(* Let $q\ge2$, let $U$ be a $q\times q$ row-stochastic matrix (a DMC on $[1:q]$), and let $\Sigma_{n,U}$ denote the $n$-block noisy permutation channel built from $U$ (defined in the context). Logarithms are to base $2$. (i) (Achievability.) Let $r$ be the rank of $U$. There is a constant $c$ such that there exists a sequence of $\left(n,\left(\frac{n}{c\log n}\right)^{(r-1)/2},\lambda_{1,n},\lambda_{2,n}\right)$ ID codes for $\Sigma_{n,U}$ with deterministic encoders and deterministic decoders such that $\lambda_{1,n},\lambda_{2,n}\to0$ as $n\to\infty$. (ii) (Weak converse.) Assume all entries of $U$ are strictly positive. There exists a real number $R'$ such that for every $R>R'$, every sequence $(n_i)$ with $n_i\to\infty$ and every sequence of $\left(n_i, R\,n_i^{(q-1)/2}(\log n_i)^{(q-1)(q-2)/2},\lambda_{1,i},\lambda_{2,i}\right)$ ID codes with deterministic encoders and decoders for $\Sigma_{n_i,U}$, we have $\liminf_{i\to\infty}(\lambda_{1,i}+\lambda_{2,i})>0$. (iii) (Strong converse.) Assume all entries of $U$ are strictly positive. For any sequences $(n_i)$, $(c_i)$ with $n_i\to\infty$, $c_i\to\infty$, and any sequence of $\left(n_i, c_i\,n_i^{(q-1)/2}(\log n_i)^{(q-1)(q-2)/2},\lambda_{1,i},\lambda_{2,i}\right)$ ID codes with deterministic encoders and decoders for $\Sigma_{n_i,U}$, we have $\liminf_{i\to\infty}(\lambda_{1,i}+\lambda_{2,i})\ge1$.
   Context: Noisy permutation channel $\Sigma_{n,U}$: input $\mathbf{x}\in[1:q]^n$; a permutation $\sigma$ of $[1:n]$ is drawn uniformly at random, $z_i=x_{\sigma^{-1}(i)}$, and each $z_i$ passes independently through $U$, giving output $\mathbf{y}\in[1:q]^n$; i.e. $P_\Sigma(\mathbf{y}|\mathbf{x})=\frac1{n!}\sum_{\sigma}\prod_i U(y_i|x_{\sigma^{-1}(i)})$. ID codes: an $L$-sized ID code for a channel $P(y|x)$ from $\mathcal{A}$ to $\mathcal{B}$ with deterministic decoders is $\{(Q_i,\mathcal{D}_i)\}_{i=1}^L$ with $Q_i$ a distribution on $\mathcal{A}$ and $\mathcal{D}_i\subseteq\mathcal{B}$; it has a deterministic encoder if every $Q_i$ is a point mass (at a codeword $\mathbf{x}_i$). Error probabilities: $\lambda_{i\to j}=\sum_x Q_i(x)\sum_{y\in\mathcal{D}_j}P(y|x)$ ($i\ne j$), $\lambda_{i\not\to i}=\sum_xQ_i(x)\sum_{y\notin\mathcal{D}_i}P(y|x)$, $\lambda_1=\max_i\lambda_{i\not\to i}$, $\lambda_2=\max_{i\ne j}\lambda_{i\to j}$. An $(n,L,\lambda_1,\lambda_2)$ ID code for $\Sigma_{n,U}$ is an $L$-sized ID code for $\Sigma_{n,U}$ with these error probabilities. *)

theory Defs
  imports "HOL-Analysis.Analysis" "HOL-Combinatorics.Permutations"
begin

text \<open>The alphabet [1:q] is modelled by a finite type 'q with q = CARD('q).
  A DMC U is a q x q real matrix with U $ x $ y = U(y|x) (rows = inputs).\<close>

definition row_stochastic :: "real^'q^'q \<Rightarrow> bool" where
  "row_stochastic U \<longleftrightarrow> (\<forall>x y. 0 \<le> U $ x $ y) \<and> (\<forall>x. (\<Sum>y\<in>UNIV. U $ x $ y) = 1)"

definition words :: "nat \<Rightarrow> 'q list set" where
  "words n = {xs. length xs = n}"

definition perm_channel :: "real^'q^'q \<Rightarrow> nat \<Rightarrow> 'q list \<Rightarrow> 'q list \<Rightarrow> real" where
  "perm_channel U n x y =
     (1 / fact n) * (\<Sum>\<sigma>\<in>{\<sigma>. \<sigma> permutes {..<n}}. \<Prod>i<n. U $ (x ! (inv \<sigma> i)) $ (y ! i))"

Task details.
For the data above, count every line in which the string "words" appears, and answer with the count only.

Solved exercise.
2